At the time "English as a Second
Language" was conceived, I was searching for a concept that
would excite me, a film that would be emotionally and dramatically
complex while being logistically simple so as to lend itself to production
on a very modest budget. My initial idea was to create an ESL classroom
with an ensemble of Latino characters and to follow them as they lived,
worked, struggled and triumphed. I set out to create nine fully defined
and unique characters but after thirty pages of background bios I
fell in love with two of them: Bolivar De La Cruz, an illegal just
over the border in search of a better life; and Lola Sara, a second
generation Latina who was forced to attend the class to work off community
service hours and would later would fall in love with the people from
which she had always tried to distance herself.
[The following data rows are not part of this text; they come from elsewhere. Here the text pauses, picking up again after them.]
lemma bilinear_form_hankel_shift:
  assumes z: "\<And>i. M < i \<Longrightarrow> z i = 0" and "M + k1 \<le> N" and "M + k2 \<le> N"
  shows "bilinear_form N (hankel_matrix h) (shift k1 z) (shift k2 z)
       = (\<Sum>a\<le>M. \<Sum>b\<le>M. z a * h (k1 + k2 + a + b) * z b)"
proof -
  have "bilinear_form N (hankel_matrix h) (shift k1 z) (shift k2 z)
      = (\<Sum>a\<le>N. shift k1 z a * (\<Sum>b\<le>N. shift k2 z b * h (a + b)))"
    by (simp add: bilinear_form_def hankel_matrix_def sum_distrib_left mult_ac)
  also have "\<dots> = (\<Sum>a\<le>N. shift k1 z a * (\<Sum>b\<le>M. z b * h (a + (b + k2))))"
    using sum_shift_mult[OF z assms(3)] by simp
  also have "\<dots> = (\<Sum>a\<le>M. z a * (\<Sum>b\<le>M. z b * h ((a + k1) + (b + k2))))"
    by (rule sum_shift_mult[OF z assms(2)])
  finally show ?thesis by (simp add: sum_distrib_left mult_ac add_ac)
qed

lemma sum_hankel_conv_pow_double:
  assumes "\<And>i. K < i \<Longrightarrow> x i = 0"
  shows "(\<Sum>k\<le>(p+p)*K. h (c + k) * conv_pow x (p+p) k)
       = (\<Sum>a\<le>p*K. \<Sum>b\<le>p*K. conv_pow x p a * h (c + a + b) * conv_pow x p b)"
  by (subst sum_mult_conv_pow_add[OF assms]) (auto simp: sum_distrib_left mult_ac add_ac intro!: sum.cong)

lemma sum_mult_hankel_tensor_apply_even:
  assumes "1 \<le> p" and x: "x \<in> vec_n n" and "1 \<le> n"
  shows "(\<Sum>i<n. x i * hankel_tensor_apply (2*p) n h x i)
       = quad_form (p*(n-1)) (hankel_matrix h) (conv_pow x p)"
proof -
  let ?K = "n - 1"
  have supp: "\<And>i. ?K < i \<Longrightarrow> x i = 0" using vec_n_eq_0[OF x] assms(3) by blast
  have "{..<n} = {..1*?K}" using assms(3) by auto
  then have "(\<Sum>i<n. x i * hankel_tensor_apply (2*p) n h x i)
      = (\<Sum>a\<le>1*?K. conv_pow x 1 a * (\<Sum>b\<le>(2*p-1)*?K. h (a + b) * conv_pow x (2*p-1) b))"
    by (simp add: hankel_tensor_apply_eq_sum_conv_pow[OF x assms(3)])
  also have "\<dots> = (\<Sum>k\<le>(1 + (2*p-1))*?K. h k * conv_pow x (1 + (2*p-1)) k)"
    by (rule sum_mult_conv_pow_add[OF supp, symmetric])
  also have "\<dots> = (\<Sum>k\<le>(p+p)*?K. h (0 + k) * conv_pow x (p+p) k)"
    using assms(1) by (simp add: mult_2)
  also have "\<dots> = (\<Sum>a\<le>p*?K. \<Sum>b\<le>p*?K. conv_pow x p a * h (0 + a + b) * conv_pow x p b)"
    by (rule sum_hankel_conv_pow_double[OF supp])
  also have "\<dots> = quad_form (p*?K) (hankel_matrix h) (conv_pow x p)"
    unfolding bilinear_form_def hankel_matrix_def by simp
  finally show ?thesis .
qed

lemma hankel_tensor_apply_odd_eq_bilinear_form:
  assumes x: "x \<in> vec_n n" and "1 \<le> n" and "p*(n-1) + k1 \<le> N" and "p*(n-1) + k2 \<le> N"
  shows "hankel_tensor_apply (2*p+1) n h x (k1 + k2)
       = bilinear_form N (hankel_matrix h) (shift k1 (conv_pow x p)) (shift k2 (conv_pow x p))"
proof -
  let ?K = "n - 1"
  have supp: "\<And>i. ?K < i \<Longrightarrow> x i = 0" using vec_n_eq_0[OF x] assms(2) by blast
  have "hankel_tensor_apply (2*p+1) n h x (k1 + k2)
      = (\<Sum>k\<le>(p+p)*?K. h (k1 + k2 + k) * conv_pow x (p+p) k)"
    by (simp add: hankel_tensor_apply_eq_sum_conv_pow[OF x assms(2)] mult_2)
  also have "\<dots> = (\<Sum>a\<le>p*?K. \<Sum>b\<le>p*?K. conv_pow x p a * h (k1 + k2 + a + b) * conv_pow x p b)"
    by (rule sum_hankel_conv_pow_double[OF supp])
  also have "\<dots> = bilinear_form N (hankel_matrix h) (shift k1 (conv_pow x p)) (shift k2 (conv_pow x p))"
    by (rule bilinear_form_hankel_shift[symmetric]) (use conv_pow_eq_0[OF supp] assms(3,4) in auto)
  finally show ?thesis .
qed

lemma const_c_eq_Inf:
  "const_c m n
     = Inf {conv_ratio n (m div 2) (2 * (m div 2)) y | y. y \<in> vec_n n \<and> (\<exists>i<n. y i \<noteq> 0)}"
proof (cases "even m")
  case False
  then have "m - 1 = 2 * (m div 2)" and "(m - 1) div 2 = m div 2" by presburger+
  with False show ?thesis by (simp add: const_c_def)
qed (simp add: const_c_def)

lemma sum_abs_power_pos:
  fixes y :: "nat \<Rightarrow> real"
  assumes "\<exists>i<n. y i \<noteq> 0" shows "0 < (\<Sum>i<n. \<bar>y i\<bar> ^ q)"
proof -
  obtain i where "i < n" "y i \<noteq> 0" using assms by blast
  then show ?thesis by (intro sum_pos2[of _ i]) auto
qed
I began writing so much about these two characters that it soon became
clear "ESL" would be primarily about them. They are
both pieces of me, both lost and searching for each other without
really knowing it; two people from very different sides of the same
culture, learning from one another, helping each other through life's
cruel jokes and ultimately falling in love. To be true to them we
had to make Lola's world primarily English speaking and Bolivar's
world Spanish speaking. That was the basis for the bi-lingual quality
of the film.
As far as the look and style of the film, knowing money and time would
be tight, I adopted a jump cutty, free flowing hand held style of
photography. Yet even without the budgetary constraints, creatively
and emotionally that style just seemed to track perfectly with the
story I wanted to tell and the movie I wanted to make. I've always
enjoyed films that move, that are flying at you, that have a mind
of their own, that make you a little dizzy. I worked intensively with
our Director of Photography, Ben Kufrin, to create a very specific
look and feel. We shot tests and studied films I love like "Amores
Perros," "Laws of Gravity," "Goodfellas,"
"Run Lola Run." We coined our look "ugly beautiful."
We wanted gritty, hot, clipped, rich blacks, heavy contrast and color.
Yes, color. Rich beautiful chroma bursting from the screen, color
that was in effect trapped inside the film wanting to get out.
Like any filmmaker, I could fill up ten or twenty more pages detailing
every idea, all the blood, sweat and tears that went into this film.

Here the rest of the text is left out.